第二十九章 杀意鬼门关

  萧子瑛说,她要上去接一只新死的女鬼。

  那女鬼虽然还未过头七,但不知怎么搞的,她一直被困在一个地方。冥府怕生出意外来,便让萧子瑛赶去上面,把那女鬼收下来。

  但很显然的是,她不可能带着我这样的外人,一同前去公干。

  因此,我就被留在了阴阳交汇处的「鬼门关」前。而在她赶回来之前,我不能离开这里半步——倒不过是去接引一个新鬼的工夫,如果再有「道祖神」得以缩地成寸的帮助,那这一去一回,想来也是不会太久。

  所以,只要乖乖在这里等到她回来,很快,我就能结束这一日游了。

  我坐在「鬼门关」前一尊石兽的脚上,百无聊赖地数着天上的星星,脑子里则依旧回荡着刚刚在冥府之中的所见所闻。听说,“新人”在「森罗殿」里接受审判以后,就会被评级发放。其中,生前未犯任何罪过的人,就会被统一安排进最为繁华与发达的「天枢城」中。而福泽绵厚之人,会被分到集体公寓,命薄贱苦之人,则只能与旁人共用一张通铺。

  但这对于所有“新人”说来,这不过只是“初来乍到”时的待遇罢了。

  如果有幸能吃上一口官粮,或是凭靠后人烧下来的纸钱,从而得以做些小本生意,那他们便可以顺利拥有独立的户口与住所。

  而为了让自己死后,也能在冥府之中可以活得体面一些,我也不禁在心中暗自又下了一个决定。

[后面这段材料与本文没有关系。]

lemma transmitting_wave_run:
  assumes "0 < k" "v < Suc (2 * k)"
  shows "transmitting wave_alg (wave_run k r v) =
    (if wave_transmits k r (end_dist k v) then Some 0 else None)"
proof -
  define d where "d = end_dist k v"
  define H where "H = wave_hist k d"
  have tag: "end_tags (Suc (2 * k)) v = (if d = 0 then 1 else 0)"
    using assms(2) unfolding d_def by (rule end_tags_end_dist)
  have "d \<le> k"
    unfolding d_def by (rule end_dist_le)
  define i where "i = r - end_tags (Suc (2 * k)) v"
  have "transmitting wave_alg (wave_run k r v) =
    (if end_tags (Suc (2 * k)) v < r \<and> i < length H \<and> H ! i = HTransmitted then Some 0 else None)"
    using wave_alg_wave_hist[of i k d] wave_alg_wave_hist_complete[of k d]
    unfolding H_def i_def d_def
    by (cases "r - end_tags (Suc (2 * k)) v = length (wave_hist k (end_dist k v))")
      (auto simp: run_state_def transmitting_def)
  also have "\<dots> = (if wave_transmits k r d then Some 0 else None)"
  proof (cases "d = 0")
    case True
    then show ?thesis
      using \<open>0 < k\<close> unfolding tag i_def H_def
      by (auto simp: wave_transmits_def wave_hist_def nth_Cons')
  next
    case False
    then show ?thesis
      using \<open>d \<le> k\<close> unfolding tag i_def H_def
      by (auto simp: wave_transmits_def nth_wave_hist length_wave_hist split: if_splits)
  qed
  finally show ?thesis
    unfolding d_def .
qed

lemma reception_if_Some:
  "reception (if a then Some m else None) (if b then Some m else None) =
    (if a \<and> b then HNoise else if a \<or> b then HMsg m else HSilence)"
  by (cases a; cases b) simp_all

lemma hear_wave_run:
  assumes "0 < k" "v < Suc (2 * k)"
  shows "hear (Suc (2 * k)) (path_edge (Suc (2 * k))) wave_alg (wave_run k r) v =
    (let left = 0 < v \<and> wave_transmits k r (end_dist k (v - 1));
         right = v < 2 * k \<and> wave_transmits k r (end_dist k (Suc v))
     in if left \<and> right then HNoise else if left \<or> right then HMsg 0 else HSilence)"
  using assms by (simp add: hear_path_edge transmitting_wave_run reception_if_Some)
lemma card_permutes_takes_values_Union:
  assumes "finite S" "finite K"
    and table: "\<And>k. k \<in> K \<Longrightarrow> partial_perm S (cs k) \<and> length (cs k) = m"
    and disjoint: "\<And>k k'. k \<in> K \<Longrightarrow> k' \<in> K \<Longrightarrow>
      \<forall>(i, v)\<in>set (cs k). \<forall>(i', v')\<in>set (cs k'). i = i' \<longleftrightarrow> v = v' \<Longrightarrow> k = k'"
  shows "card {f. f permutes S \<and> (\<exists>k\<in>K. takes_values f (cs k))} = card K * fact (card S - m)"
proof -
  define F where "F k = {f. f permutes S \<and> takes_values f (cs k)}" for k
  have "{f. f permutes S \<and> (\<exists>k\<in>K. takes_values f (cs k))} = (\<Union>k\<in>K. F k)"
    unfolding F_def by auto
  moreover have "card (\<Union>k\<in>K. F k) = (\<Sum>k\<in>K. card (F k))"
  proof (rule card_UN_disjoint)
    show "\<forall>k\<in>K. finite (F k)"
      unfolding F_def using finite_permutations[OF \<open>finite S\<close>] by (auto intro: rev_finite_subset)
    show "\<forall>k\<in>K. \<forall>k'\<in>K. k \<noteq> k' \<longrightarrow> F k \<inter> F k' = {}"
      using disjoint takes_values_compatible unfolding F_def by blast
  qed (rule \<open>finite K\<close>)
  moreover have "card (F k) = fact (card S - m)" if "k \<in> K" for k
    using card_permutes_takes_values[OF \<open>finite S\<close>] table[OF that] unfolding F_def by simp
  ultimately show ?thesis by simp
qed

lemma card_permutes_value_not_value:
  assumes "finite S" "i \<in> S" "i' \<in> S" "v \<in> S" "v' \<in> S" "i \<noteq> i'" "v \<noteq> v'"
  shows "card {f. f permutes S \<and> f i = v \<and> f i' \<noteq> v'} = fact (card S - 2) * (card S - 2)"
proof -
  define A where "A = {f. f permutes S \<and> f i = v}"
  define B where "B = {f. f permutes S \<and> f i = v \<and> f i' = v'}"
  have "card A = fact (card S - 1)"
    using card_permutes_takes_values[OF \<open>finite S\<close>, of "[(i, v)]"] assms
    by (simp add: A_def partial_perm_def)
  moreover have "card B = fact (card S - 2)"
    using card_permutes_takes_values[OF \<open>finite S\<close>, of "[(i, v), (i', v')]"] assms
    by (simp add: B_def partial_perm_def numeral_2_eq_2)
  moreover have "finite B" "B \<subseteq> A"
    using finite_permutations[OF \<open>finite S\<close>] unfolding A_def B_def by (auto intro: rev_finite_subset)
  moreover have "{f. f permutes S \<and> f i = v \<and> f i' \<noteq> v'} = A - B"
    unfolding A_def B_def by auto
  ultimately have "card {f. f permutes S \<and> f i = v \<and> f i' \<noteq> v'} = fact (card S - 1) - fact (card S - 2)"
    by (simp add: card_Diff_subset)
  moreover have "card {i, i'} \<le> card S"
    by (rule card_mono) (use assms in auto)
  then obtain m where "card S = m + 2"
    using \<open>i \<noteq> i'\<close> by (metis card_2_iff le_add_diff_inverse2)
  then have "fact (card S - 1) - fact (card S - 2) = fact (card S - 2) * (card S - 2)"
    by (simp add: algebra_simps)
  ultimately show ?thesis by simp
qed

section \<open>Occurrences of patterns of length three\<close>

lemma nth1_mem_set: "a \<in> {1..length xs} \<Longrightarrow> nth1 xs a \<in> set xs"
  unfolding nth1_def by (rule nth_mem) auto

lemma nth1_map_upt: "i \<in> {1..n} \<Longrightarrow> nth1 (map f [1..<n + 1]) i = f i"
  unfolding nth1_def by (subst nth_map) (auto simp del: upt_Suc)

lemma nth1_equalityI:
  assumes "length xs = length ys" "\<And>a. a \<in> {1..length xs} \<Longrightarrow> nth1 xs a = nth1 ys a"
  shows "xs = ys"
proof (rule nth_equalityI)
  fix i assume "i < length xs"
  then show "xs ! i = ys ! i"
    using assms(2)[of "i + 1"] by (simp add: nth1_def)
qed (rule assms(1))

lemma nth1_inj_on:
  assumes "distinct xs" "a \<in> {1..length xs}" "b \<in> {1..length xs}" "nth1 xs a = nth1 xs b"
  shows "a = b"
proof -
  have "xs ! (a - 1) = xs ! (b - 1)" "a - 1 < length xs" "b - 1 < length xs"
    using assms by (auto simp: nth1_def)
  then have "a - 1 = b - 1"
    using assms(1) nth_eq_iff_index_eq by blast
  then show ?thesis
    using assms(2,3) by auto
qed

lemma
  assumes \<sigma>: "\<sigma> \<in> permutations_of_set {1..k}" and b: "b \<in> {1..k}"
  shows nth1_inv_perm_list_mem: "nth1 (inv_perm_list \<sigma>) b \<in> {1..k}"
    and nth1_nth1_inv_perm_list: "nth1 \<sigma> (nth1 (inv_perm_list \<sigma>) b) = b"
proof -
  have len: "length \<sigma> = k" and set: "set \<sigma> = {1..k}" and dist: "distinct \<sigma>"
    using \<sigma> length_finite_permutations_of_set[OF \<sigma>] by (auto simp: permutations_of_set_def)
  have "b \<in> set \<sigma>"
    using b set by simp
  then obtain j where "j < k" "\<sigma> ! j = b"
    using len by (auto simp: in_set_conv_nth)
  then obtain a where a: "a \<in> {1..k}" "nth1 \<sigma> a = b"
    by (intro that[of "j + 1"]) (auto simp: nth1_def)
  have "(THE a. a \<in> {1..k} \<and> nth1 \<sigma> a = b) = a"
  proof (rule the_equality)
    fix x assume "x \<in> {1..k} \<and> nth1 \<sigma> x = b"
    then show "x = a"
      using nth1_inj_on[OF dist, of x a] a len by simp
  qed (use a in simp)
  moreover have "nth1 (inv_perm_list \<sigma>) b = (THE a. a \<in> {1..k} \<and> nth1 \<sigma> a = b)"
    unfolding inv_perm_list_def len using b by (rule nth1_map_upt)
  ultimately show "nth1 (inv_perm_list \<sigma>) b \<in> {1..k}" "nth1 \<sigma> (nth1 (inv_perm_list \<sigma>) b) = b"
    using a by simp_all
qed

lemma nth1_inv_perm_list_nth1:
  assumes \<sigma>: "\<sigma> \<in> permutations_of_set {1..k}" and a: "a \<in> {1..k}"
  shows "nth1 (inv_perm_list \<sigma>) (nth1 \<sigma> a) = a"
proof -
  have len: "length \<sigma> = k" and set: "set \<sigma> = {1..k}" and dist: "distinct \<sigma>"
    using \<sigma> length_finite_permutations_of_set[OF \<sigma>] by (auto simp: permutations_of_set_def)
  have "nth1 \<sigma> a \<in> {1..k}"
    using nth1_mem_set[of a \<sigma>] a len set by simp
  then show ?thesis
    using nth1_inj_on[OF dist, of "nth1 (inv_perm_list \<sigma>) (nth1 \<sigma> a)" a]
      nth1_inv_perm_list_mem[OF \<sigma>] nth1_nth1_inv_perm_list[OF \<sigma>] a len
    by simp
qed
lemma cyclic_edges_vmove:
  assumes "E \<in> cyclic_edges T'"
  shows "E \<in> cyclic_edges T \<and> (v, a) \<notin> E \<and> (v, b) \<notin> E"
proof -
  obtain f where E: "E = {f, nbr T' f}" and f: "f \<in> Faces T'" and loop: "fst (nbr T' f) = fst f"
    using assms unfolding cyclic_edges_def by blast
  have "untouched f"
    using f
  proof (cases rule: Faces_vmove_cases)
    case 10
    then show ?thesis using loop by (auto simp: less_2_cases_iff nbr_vmove)
  qed (use loop v_less pa_less pb_less in \<open>simp_all add: nbr_vmove\<close>)
  then have "nbr T' f = nbr T f" and "untouched (nbr T f)"
    using vmove_untouched untouched_nbr by auto
  then have E_old: "E = {f, nbr T f}" and "fst (nbr T f) = fst f"
    using E loop by simp_all
  moreover have "f \<in> Faces T"
    using \<open>untouched f\<close> unfolding untouched_def by blast
  ultimately have "E \<in> cyclic_edges T"
    unfolding cyclic_edges_def by blast
  moreover have "(v, a) \<notin> E" "(v, b) \<notin> E"
    using \<open>untouched f\<close> \<open>untouched (nbr T f)\<close> E_old by (auto simp only: untouched_def insert_iff)
  ultimately show ?thesis by blast
qed

lemma card_cyclic_edges_vmove_less:
  assumes "E \<in> cyclic_edges T" and "(v, a) \<in> E \<or> (v, b) \<in> E"
  shows "card (cyclic_edges T') < card (cyclic_edges T)"
proof -
  have "cyclic_edges T' \<subseteq> cyclic_edges T - {E}"
    using cyclic_edges_vmove assms(2) by blast
  then have "card (cyclic_edges T') \<le> card (cyclic_edges T - {E})"
    by (simp add: card_mono finite_cyclic_edges)
  also have "\<dots> < card (cyclic_edges T)"
    using card_Diff1_less[OF finite_cyclic_edges assms(1)] .
  finally show ?thesis .
qed

end

theorem mainTheorem6:
  fixes T :: tri and v p q a b :: nat
  assumes "is_foam T"
    and "v < ntet T"
    and "p < 4" and "q < 4" and "p \<noteq> q" and "nbr T (v,p) = (v,q)"
    and "a < 4" and "b < 4" and "a \<noteq> b"
    and "card ({a,b} \<inter> {p,q}) = 1"
  shows "is_foam (vmove T v a b) \<and>
         card (cyclic_edges (vmove T v a b)) < card (cyclic_edges T)"
proof -
  have valid: "valid_gluing T" using assms(1) by (simp add: is_foam_def)
  have vp: "(v, p) \<in> Faces T" and va: "(v, a) \<in> Faces T"
    using assms by (simp_all add: mem_Faces_iff)
  have qp: "nbr T (v, q) = (v, p)" using nbr_nbr_eq[OF valid vp assms(6)] .
  have exactly_one: "a \<in> {p, q} \<longleftrightarrow> b \<notin> {p, q}"
    using card_Int_doubleton_eq_1[OF assms(10,9)] .
  have "nbr T (v, a) \<noteq> (v, b)"
  proof
    assume ab: "nbr T (v, a) = (v, b)"
    then have "nbr T (v, b) = (v, a)" using nbr_nbr_eq[OF valid va] by blast
    with ab assms(6) qp have "a = p \<longleftrightarrow> b = q" "a = q \<longleftrightarrow> b = p" by auto
    with exactly_one show False by auto
  qed
  then interpret vmove_site T v a b
    using assms by unfold_locales
  have "{(v, p), (v, q)} \<in> cyclic_edges T"
    using vp assms(6) unfolding cyclic_edges_def by force
  moreover have "(v, a) \<in> {(v, p), (v, q)} \<or> (v, b) \<in> {(v, p), (v, q)}"
    using exactly_one by auto
  ultimately show ?thesis
    using is_foam_vmove card_cyclic_edges_vmove_less by blast
qed

end
section \<open>Realising binary trees in U\<close>

context
  fixes A :: "'a set" and d :: "'a \<Rightarrow> 'a \<Rightarrow> real"
    and g :: "'a \<Rightarrow> 'b" and e :: "'b \<Rightarrow> 'b \<Rightarrow> real" and f :: "real \<Rightarrow> real"
  assumes um: "ultrametric A d" and fin: "finite A" and inj: "inj_on g A"
    and f_mono: "strict_mono_on {0..} f" and f_0: "f 0 = 0"
    and e_g: "\<And>x y. x \<in> A \<Longrightarrow> y \<in> A \<Longrightarrow> e (g x) (g y) = f (d x y)"
begin

lemma rescale_le_iff:
  assumes "x \<in> A" "y \<in> A" "u \<in> A" "v \<in> A"
  shows "e (g x) (g y) \<le> e (g u) (g v) \<longleftrightarrow> d x y \<le> d u v"
  using strict_mono_on_less_eq[OF f_mono] ultrametric_nonneg[OF um] assms by (simp add: e_g)

lemma ultrametric_rescale: "ultrametric (g ` A) e"
proof -
  have "0 \<le> e (g x) (g y) \<and> (e (g x) (g y) = 0 \<longleftrightarrow> g x = g y) \<and> e (g x) (g y) = e (g y) (g x)"
    if xy: "x \<in> A" "y \<in> A" for x y
  proof -
    have "0 \<le> d x y" by (rule ultrametric_nonneg[OF um xy])
    then have "0 \<le> f (d x y)" "f (d x y) = 0 \<longleftrightarrow> d x y = 0"
      using strict_mono_on_leD[OF f_mono, of 0 "d x y"] strict_mono_on_eqD[OF f_mono, of "d x y" 0] f_0
      by auto
    then show ?thesis
      using ultrametric_eq_0_iff[OF um xy] inj_on_eq_iff[OF inj xy] ultrametric_sym[OF um xy] e_g xy
      by simp
  qed
  moreover have "e (g x) (g y) \<le> max (e (g x) (g z)) (e (g z) (g y))"
    if xyz: "x \<in> A" "y \<in> A" "z \<in> A" for x y z
  proof -
    have "d x y \<le> d x z \<or> d x y \<le> d z y"
      using ultrametric_triangle[OF um xyz] by linarith
    then have "e (g x) (g y) \<le> e (g x) (g z) \<or> e (g x) (g y) \<le> e (g z) (g y)"
      using rescale_le_iff xyz by blast
    then show ?thesis by (simp add: le_max_iff_disj)
  qed
  ultimately show ?thesis unfolding ultrametric_def Ball_image_comp comp_def by blast
qed
(* Let $D=(S\uplus I,A)$ be a directed acyclic graph whose vertex set is partitioned into a set $S$ and a set $I$ of internal vertices, and let $T\subseteq I$ be a set of vertices that are pairwise false twins in $D$. Then among the total elimination sequences of $D$ of minimum cost there is one in which the vertices of $T$ are eliminated consecutively (i.e., they form a contiguous block of the sequence).
   Context: For a DAG $D$ and a vertex $v$, $N^-_D(v)$ and $N^+_D(v)$ are the open in- and out-neighborhoods, and the Markowitz degree is $\mu_D(v)=|N^-_D(v)|\cdot|N^+_D(v)|$. Two vertices $u,v$ are false twins if $N^-_D(u)=N^-_D(v)$ and $N^+_D(u)=N^+_D(v)$. Eliminating $v$ produces $D_{/v}$: delete $v$ and add every arc $(x,y)$ with $x\in N^-_D(v)$, $y\in N^+_D(v)$ not already present. For a sequence $\sigma=(v_1,\dots,v_\ell)$ of distinct internal vertices, $D_\sigma=(((D_{/v_1})_{/v_2})\dots)_{/v_\ell}$; $\sigma$ is total if $\ell=|I|$. The cost of $\sigma$ is $\sum_{i=1}^{\ell}\mu_{D_{(v_1,\dots,v_{i-1})}}(v_i)$, the sum of Markowitz degrees of each vertex at the moment it is eliminated. *)

theory Defs
  imports Main
begin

那就是,趁着自己这条小命还在的时候,一定多行善事。最重要的,还得是提前替自己安排好身后之事。

  我一边这样想着,一边望着依旧空无一人的远方,不禁又叹了口气。

  心里再三犹豫之后,我还是跳回了地面。随后,为了活动活动筋骨的我,开始不大协调地跳起了广播体操。

  但不知时间又过去了多久,我的身后,竟骤然响起了一个声音——

  那显然是出自一个年轻男性的声音,其似乎是在向谁,询问着一些关于身份与目的问题。

  我不禁愣了愣神,却没将其放在心上。

  甚至心中都没能为此生出一些好奇的我,便就自顾自地继续伸展起了自己的双臂——可不知怎的,我那再次收回胸前的衣袖上,竟凭空多出了一绺黑色的长发。

  我一手急忙将那长发收入手中,又慌张地打量起四周来。

  可紧接着,后知后觉的我,终于发现了端倪——一柄闪着寒光的长剑,竟正稳稳地落在我的脖颈之上!?

  我下意识扭头一望,这才发现,原来是一个身着黑衣玄袍的男人——还不等我再细细瞧上个半分,那手持着长剑的男人,便已冷冷开口说到,“不要让我再问一次。”

  而尽管那男人默许了我的转身,但此时此刻,他手中的长剑,却仍是稳稳架在我脖颈之上的。他那与我四目相对的眼神当中,更是在散露着一丝如鹰般的冷静与阴鸷……

  很快,我便意识到,那正是死亡一般的凝视。

  不禁咽了咽口水的我,急忙嗫嚅到:“你……你能看——”

  却不等我将话说完,那男人竟飞快地转动起了自己的手腕——在一道凛冽而刺眼的寒光乍现之后,那本是被牢牢贴在我额头上的符纸,竟就被那男人手中的长剑,挑在了空中!

  而不过一瞬之间,那符纸便就化作了青色的灰烬。

  望着眼中这不可思议的一幕,或者说,顿感不妙的我,一心想要仓皇逃走。可不知为何,我竟就顿在了原地,再动弹不得丝毫。

  而似乎,对方又从我身上试探出了些什么。只见,他再次转动了一下手腕,而其掌中紧握着的长剑,便已向我的面门直直袭来——几乎就是下意识的,我向一旁猛地侧身闪躲。紧接着,仿佛再不受我控制的右手,竟就毫不犹豫地捉住了剑身!

  那样的一刻,我跟那个男人,显然都没能料到这一切。

  我错愕地看着自己的右手——那锋利无比的剑锋,竟没能让我的手掌,感受到丝毫本应的疼痛。甚至,我那的的确确正拼了全力,去握住那剑身的手掌,都没能涌出丝毫鲜血。

  而那男人,猛地想要抽回手里的剑,却愣是无法再抽动半分。

  但恰就是在这时,我看清了那被他系在前臂内侧的令牌——那通体漆黑的令牌上,赫然刻着一个金色的“暮”字。

  而那一刻,我只觉得,天都要塌了。

  原来,萧子瑛与我闲聊之时,曾告诉我说,冥府里最为神秘的两个部门,就是黑白无常两部。他们直接对府君负责,其中,黑无常管辖的「暮」部,专门负责抓人刺杀与暗中侦破;白无常管辖的「晓」部,则是负责审讯、情报的搜集与分析。

  而这二部行事,往往还不需通过府君。

  也就是说,对于我这个可疑到了极点的家伙,那个所属「暮」部的男人,是可以将我强行带走与羁押的。如果我继续反抗,他甚至,可以将我就地格杀——可如果我被他抓走了,我也许还会遭遇刑讯逼供。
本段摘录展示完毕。